(DATASET EXTRACT)
# # #
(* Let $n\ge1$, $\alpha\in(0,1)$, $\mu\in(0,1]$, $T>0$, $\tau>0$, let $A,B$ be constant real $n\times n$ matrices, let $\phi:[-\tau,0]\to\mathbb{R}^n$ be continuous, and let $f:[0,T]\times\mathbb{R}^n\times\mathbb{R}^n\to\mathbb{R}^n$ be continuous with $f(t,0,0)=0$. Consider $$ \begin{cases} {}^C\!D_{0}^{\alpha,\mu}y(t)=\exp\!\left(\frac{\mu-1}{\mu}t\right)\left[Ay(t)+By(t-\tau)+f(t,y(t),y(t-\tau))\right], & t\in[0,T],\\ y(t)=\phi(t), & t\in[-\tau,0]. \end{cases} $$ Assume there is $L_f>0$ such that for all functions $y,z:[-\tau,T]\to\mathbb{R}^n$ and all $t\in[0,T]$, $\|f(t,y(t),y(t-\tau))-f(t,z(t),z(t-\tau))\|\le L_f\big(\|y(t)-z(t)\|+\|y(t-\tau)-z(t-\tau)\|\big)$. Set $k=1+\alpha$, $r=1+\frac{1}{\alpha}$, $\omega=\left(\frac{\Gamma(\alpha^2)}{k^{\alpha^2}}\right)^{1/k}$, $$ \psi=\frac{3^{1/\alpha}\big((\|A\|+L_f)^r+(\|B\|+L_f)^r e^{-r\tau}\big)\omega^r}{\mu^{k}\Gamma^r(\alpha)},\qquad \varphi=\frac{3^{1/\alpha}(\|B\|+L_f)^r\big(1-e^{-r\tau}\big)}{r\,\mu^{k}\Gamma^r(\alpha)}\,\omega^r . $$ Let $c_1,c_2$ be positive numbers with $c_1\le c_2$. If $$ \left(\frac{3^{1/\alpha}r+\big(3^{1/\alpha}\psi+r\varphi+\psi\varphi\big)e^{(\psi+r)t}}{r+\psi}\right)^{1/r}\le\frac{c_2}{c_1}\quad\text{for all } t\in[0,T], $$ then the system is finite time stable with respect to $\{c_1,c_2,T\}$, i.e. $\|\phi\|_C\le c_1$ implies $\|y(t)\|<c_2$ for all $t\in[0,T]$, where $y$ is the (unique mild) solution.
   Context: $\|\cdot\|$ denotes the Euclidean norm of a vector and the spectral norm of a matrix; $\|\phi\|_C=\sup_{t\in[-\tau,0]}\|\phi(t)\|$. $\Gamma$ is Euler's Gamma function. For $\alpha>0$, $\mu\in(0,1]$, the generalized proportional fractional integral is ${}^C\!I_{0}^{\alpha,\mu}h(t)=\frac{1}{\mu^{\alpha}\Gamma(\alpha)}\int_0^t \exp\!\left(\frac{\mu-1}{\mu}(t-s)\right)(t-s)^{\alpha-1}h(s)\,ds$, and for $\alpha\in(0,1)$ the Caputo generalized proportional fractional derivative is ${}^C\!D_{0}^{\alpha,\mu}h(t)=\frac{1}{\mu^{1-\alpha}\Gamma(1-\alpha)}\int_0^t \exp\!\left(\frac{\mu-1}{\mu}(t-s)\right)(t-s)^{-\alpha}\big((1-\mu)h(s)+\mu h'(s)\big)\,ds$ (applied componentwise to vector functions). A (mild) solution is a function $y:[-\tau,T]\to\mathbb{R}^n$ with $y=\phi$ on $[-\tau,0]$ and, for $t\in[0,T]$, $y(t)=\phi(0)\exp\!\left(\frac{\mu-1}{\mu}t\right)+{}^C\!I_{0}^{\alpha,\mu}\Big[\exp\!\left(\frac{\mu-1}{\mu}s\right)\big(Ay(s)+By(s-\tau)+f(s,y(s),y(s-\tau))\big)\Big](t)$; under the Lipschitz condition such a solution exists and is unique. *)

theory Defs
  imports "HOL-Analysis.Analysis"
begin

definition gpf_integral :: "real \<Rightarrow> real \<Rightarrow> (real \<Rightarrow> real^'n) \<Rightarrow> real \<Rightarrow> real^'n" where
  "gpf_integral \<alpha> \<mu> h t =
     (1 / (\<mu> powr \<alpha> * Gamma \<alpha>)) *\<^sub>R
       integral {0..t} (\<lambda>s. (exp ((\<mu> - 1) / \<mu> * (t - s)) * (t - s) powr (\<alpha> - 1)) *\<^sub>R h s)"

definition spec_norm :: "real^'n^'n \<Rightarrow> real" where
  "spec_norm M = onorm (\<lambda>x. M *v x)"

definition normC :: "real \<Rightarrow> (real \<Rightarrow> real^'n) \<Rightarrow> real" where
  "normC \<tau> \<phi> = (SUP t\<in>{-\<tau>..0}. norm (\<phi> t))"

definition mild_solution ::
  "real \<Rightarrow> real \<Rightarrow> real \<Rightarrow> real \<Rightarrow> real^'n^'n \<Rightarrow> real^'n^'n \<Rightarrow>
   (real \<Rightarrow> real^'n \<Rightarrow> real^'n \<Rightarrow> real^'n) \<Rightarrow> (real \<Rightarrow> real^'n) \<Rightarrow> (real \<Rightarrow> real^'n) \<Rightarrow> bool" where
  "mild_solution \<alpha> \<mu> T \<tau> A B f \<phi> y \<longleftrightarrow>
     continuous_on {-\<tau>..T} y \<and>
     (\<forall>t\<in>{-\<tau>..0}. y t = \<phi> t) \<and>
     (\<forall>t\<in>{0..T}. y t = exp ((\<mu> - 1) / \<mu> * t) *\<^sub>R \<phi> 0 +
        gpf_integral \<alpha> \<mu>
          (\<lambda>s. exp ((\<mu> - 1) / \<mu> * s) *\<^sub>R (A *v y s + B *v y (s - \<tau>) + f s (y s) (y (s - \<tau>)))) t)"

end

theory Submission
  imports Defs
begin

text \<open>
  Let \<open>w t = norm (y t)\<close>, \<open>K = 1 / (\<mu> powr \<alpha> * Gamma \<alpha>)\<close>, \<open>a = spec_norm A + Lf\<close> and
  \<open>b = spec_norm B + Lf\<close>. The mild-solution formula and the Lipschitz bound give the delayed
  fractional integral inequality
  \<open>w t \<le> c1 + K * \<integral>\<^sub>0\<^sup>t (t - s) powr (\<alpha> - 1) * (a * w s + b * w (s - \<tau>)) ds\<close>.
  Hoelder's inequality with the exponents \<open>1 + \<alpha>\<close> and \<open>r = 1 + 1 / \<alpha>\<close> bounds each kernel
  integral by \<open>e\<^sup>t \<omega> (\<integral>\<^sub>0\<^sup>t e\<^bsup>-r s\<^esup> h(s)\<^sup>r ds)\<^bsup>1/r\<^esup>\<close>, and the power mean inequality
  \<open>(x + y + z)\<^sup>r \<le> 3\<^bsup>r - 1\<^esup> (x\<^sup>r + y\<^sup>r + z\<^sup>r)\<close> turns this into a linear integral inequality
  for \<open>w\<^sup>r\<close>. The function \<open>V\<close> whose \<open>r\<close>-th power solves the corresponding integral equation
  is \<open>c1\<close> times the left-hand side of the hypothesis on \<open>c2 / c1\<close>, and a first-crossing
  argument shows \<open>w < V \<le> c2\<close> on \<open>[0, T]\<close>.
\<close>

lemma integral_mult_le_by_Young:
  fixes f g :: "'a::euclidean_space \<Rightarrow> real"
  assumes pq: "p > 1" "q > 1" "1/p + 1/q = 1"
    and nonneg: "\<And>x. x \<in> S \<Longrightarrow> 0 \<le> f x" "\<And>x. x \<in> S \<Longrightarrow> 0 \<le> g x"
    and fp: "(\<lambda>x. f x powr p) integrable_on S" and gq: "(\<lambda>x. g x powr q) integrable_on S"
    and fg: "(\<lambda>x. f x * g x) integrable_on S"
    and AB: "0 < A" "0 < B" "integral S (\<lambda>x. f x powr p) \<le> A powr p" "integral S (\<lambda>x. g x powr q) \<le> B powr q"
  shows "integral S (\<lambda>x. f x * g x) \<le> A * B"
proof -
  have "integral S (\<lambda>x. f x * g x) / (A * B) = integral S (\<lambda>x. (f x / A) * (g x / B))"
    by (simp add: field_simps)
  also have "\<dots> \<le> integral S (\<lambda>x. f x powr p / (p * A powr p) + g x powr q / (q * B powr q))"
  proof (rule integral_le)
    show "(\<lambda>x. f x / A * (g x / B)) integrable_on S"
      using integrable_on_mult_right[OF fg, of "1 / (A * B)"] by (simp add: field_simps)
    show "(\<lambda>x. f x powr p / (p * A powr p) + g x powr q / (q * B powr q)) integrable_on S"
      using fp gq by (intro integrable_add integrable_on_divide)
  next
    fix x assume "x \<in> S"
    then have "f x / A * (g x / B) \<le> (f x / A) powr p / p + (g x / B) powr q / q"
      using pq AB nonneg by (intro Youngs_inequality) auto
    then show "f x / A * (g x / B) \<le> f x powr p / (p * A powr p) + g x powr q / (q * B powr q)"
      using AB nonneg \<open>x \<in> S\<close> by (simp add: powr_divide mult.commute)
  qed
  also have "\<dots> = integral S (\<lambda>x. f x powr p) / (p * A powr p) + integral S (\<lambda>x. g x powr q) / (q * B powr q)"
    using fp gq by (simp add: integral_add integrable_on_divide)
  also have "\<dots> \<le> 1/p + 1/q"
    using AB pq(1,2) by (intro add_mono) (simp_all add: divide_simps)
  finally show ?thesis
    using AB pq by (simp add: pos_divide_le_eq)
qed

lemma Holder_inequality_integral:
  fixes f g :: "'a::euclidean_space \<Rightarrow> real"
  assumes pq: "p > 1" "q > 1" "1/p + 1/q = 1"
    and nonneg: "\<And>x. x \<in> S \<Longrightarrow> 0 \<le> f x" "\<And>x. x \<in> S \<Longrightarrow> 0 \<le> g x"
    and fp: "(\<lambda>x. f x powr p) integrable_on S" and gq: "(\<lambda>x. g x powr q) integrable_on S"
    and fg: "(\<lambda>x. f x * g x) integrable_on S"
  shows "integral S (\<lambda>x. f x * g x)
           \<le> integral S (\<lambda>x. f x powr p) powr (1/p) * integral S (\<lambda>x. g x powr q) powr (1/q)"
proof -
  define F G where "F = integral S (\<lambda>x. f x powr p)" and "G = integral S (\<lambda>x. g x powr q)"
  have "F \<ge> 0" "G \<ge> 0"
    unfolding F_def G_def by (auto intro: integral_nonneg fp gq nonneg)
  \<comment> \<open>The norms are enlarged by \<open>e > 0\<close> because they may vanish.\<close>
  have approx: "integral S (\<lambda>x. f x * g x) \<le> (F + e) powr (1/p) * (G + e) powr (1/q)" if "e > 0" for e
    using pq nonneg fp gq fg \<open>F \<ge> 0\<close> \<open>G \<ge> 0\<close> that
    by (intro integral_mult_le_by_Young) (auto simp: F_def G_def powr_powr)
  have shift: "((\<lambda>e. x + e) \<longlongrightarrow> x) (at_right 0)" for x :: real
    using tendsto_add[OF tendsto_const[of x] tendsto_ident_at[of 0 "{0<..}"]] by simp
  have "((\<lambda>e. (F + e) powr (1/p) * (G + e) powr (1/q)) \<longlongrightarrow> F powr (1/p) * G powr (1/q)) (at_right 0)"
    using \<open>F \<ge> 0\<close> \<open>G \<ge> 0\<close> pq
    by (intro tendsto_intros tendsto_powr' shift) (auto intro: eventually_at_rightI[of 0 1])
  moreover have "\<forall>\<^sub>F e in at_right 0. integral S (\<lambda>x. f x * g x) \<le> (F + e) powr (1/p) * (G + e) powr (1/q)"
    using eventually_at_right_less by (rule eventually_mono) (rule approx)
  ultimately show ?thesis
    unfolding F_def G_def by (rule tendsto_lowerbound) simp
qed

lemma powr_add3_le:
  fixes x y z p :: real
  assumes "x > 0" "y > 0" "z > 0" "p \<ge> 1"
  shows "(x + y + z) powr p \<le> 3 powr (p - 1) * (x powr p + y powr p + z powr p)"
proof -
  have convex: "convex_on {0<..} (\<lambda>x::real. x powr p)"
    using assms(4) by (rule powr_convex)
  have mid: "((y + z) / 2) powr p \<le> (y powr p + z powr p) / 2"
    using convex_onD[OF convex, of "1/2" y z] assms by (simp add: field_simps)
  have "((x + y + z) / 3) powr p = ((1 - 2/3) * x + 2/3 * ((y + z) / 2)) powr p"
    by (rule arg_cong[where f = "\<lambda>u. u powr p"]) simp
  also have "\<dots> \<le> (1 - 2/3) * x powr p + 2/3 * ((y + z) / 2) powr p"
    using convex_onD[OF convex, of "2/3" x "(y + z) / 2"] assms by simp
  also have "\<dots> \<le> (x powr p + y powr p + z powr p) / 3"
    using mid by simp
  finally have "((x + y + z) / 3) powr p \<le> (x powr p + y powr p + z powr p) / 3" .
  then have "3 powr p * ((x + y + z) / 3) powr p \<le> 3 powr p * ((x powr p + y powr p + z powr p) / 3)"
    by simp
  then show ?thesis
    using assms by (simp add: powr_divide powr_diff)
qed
# # #
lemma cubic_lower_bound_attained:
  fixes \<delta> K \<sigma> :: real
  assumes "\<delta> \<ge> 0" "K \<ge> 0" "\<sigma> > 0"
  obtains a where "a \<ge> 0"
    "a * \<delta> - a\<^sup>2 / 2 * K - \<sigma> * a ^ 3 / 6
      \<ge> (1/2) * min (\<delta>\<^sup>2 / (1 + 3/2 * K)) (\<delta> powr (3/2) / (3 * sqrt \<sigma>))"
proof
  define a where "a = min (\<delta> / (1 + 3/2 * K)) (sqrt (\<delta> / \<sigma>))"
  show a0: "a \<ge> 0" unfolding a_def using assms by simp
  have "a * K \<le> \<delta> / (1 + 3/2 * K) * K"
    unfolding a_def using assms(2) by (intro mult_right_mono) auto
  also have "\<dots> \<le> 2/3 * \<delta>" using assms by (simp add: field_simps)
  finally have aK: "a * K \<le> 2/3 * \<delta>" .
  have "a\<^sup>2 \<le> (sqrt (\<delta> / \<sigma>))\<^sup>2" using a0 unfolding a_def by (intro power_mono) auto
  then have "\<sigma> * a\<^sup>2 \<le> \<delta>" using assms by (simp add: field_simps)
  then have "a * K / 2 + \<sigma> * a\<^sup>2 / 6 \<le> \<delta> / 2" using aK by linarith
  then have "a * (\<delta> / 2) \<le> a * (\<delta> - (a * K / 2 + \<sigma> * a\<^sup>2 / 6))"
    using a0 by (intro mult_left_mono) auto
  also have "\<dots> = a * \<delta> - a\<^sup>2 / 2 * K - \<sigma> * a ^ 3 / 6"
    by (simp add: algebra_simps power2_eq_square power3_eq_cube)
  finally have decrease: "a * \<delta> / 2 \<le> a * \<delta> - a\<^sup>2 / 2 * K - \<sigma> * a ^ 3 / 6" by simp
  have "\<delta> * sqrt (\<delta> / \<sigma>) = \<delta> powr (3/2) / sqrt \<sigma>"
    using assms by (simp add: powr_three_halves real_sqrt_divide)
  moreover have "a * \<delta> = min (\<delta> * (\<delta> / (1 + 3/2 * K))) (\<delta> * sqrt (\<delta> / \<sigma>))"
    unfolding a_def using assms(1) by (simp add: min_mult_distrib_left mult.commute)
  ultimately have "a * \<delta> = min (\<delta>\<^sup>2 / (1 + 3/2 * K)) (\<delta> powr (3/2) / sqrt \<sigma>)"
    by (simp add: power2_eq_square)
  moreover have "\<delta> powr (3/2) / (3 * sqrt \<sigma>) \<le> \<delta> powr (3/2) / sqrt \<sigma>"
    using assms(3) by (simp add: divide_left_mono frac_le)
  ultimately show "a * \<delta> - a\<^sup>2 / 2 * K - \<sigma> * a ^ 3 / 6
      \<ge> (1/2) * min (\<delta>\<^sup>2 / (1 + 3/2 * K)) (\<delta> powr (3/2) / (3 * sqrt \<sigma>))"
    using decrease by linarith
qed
# # #
(TASK BRIEF)
From the records above, pull every line that has the string "Lipschitz" and copy it.

(TASK ANSWER)
   Context: $\|\cdot\|$ denotes the Euclidean norm of a vector and the spectral norm of a matrix; $\|\phi\|_C=\sup_{t\in[-\tau,0]}\|\phi(t)\|$. $\Gamma$ is Euler's Gamma function. For $\alpha>0$, $\mu\in(0,1]$, the generalized proportional fractional integral is ${}^C\!I_{0}^{\alpha,\mu}h(t)=\frac{1}{\mu^{\alpha}\Gamma(\alpha)}\int_0^t \exp\!\left(\frac{\mu-1}{\mu}(t-s)\right)(t-s)^{\alpha-1}h(s)\,ds$, and for $\alpha\in(0,1)$ the Caputo generalized proportional fractional derivative is ${}^C\!D_{0}^{\alpha,\mu}h(t)=\frac{1}{\mu^{1-\alpha}\Gamma(1-\alpha)}\int_0^t \exp\!\left(\frac{\mu-1}{\mu}(t-s)\right)(t-s)^{-\alpha}\big((1-\mu)h(s)+\mu h'(s)\big)\,ds$ (applied componentwise to vector functions). A (mild) solution is a function $y:[-\tau,T]\to\mathbb{R}^n$ with $y=\phi$ on $[-\tau,0]$ and, for $t\in[0,T]$, $y(t)=\phi(0)\exp\!\left(\frac{\mu-1}{\mu}t\right)+{}^C\!I_{0}^{\alpha,\mu}\Big[\exp\!\left(\frac{\mu-1}{\mu}s\right)\big(Ay(s)+By(s-\tau)+f(s,y(s),y(s-\tau))\big)\Big](t)$; under the Lipschitz condition such a solution exists and is unique. *)
  \<open>b = spec_norm B + Lf\<close>. The mild-solution formula and the Lipschitz bound give the delayed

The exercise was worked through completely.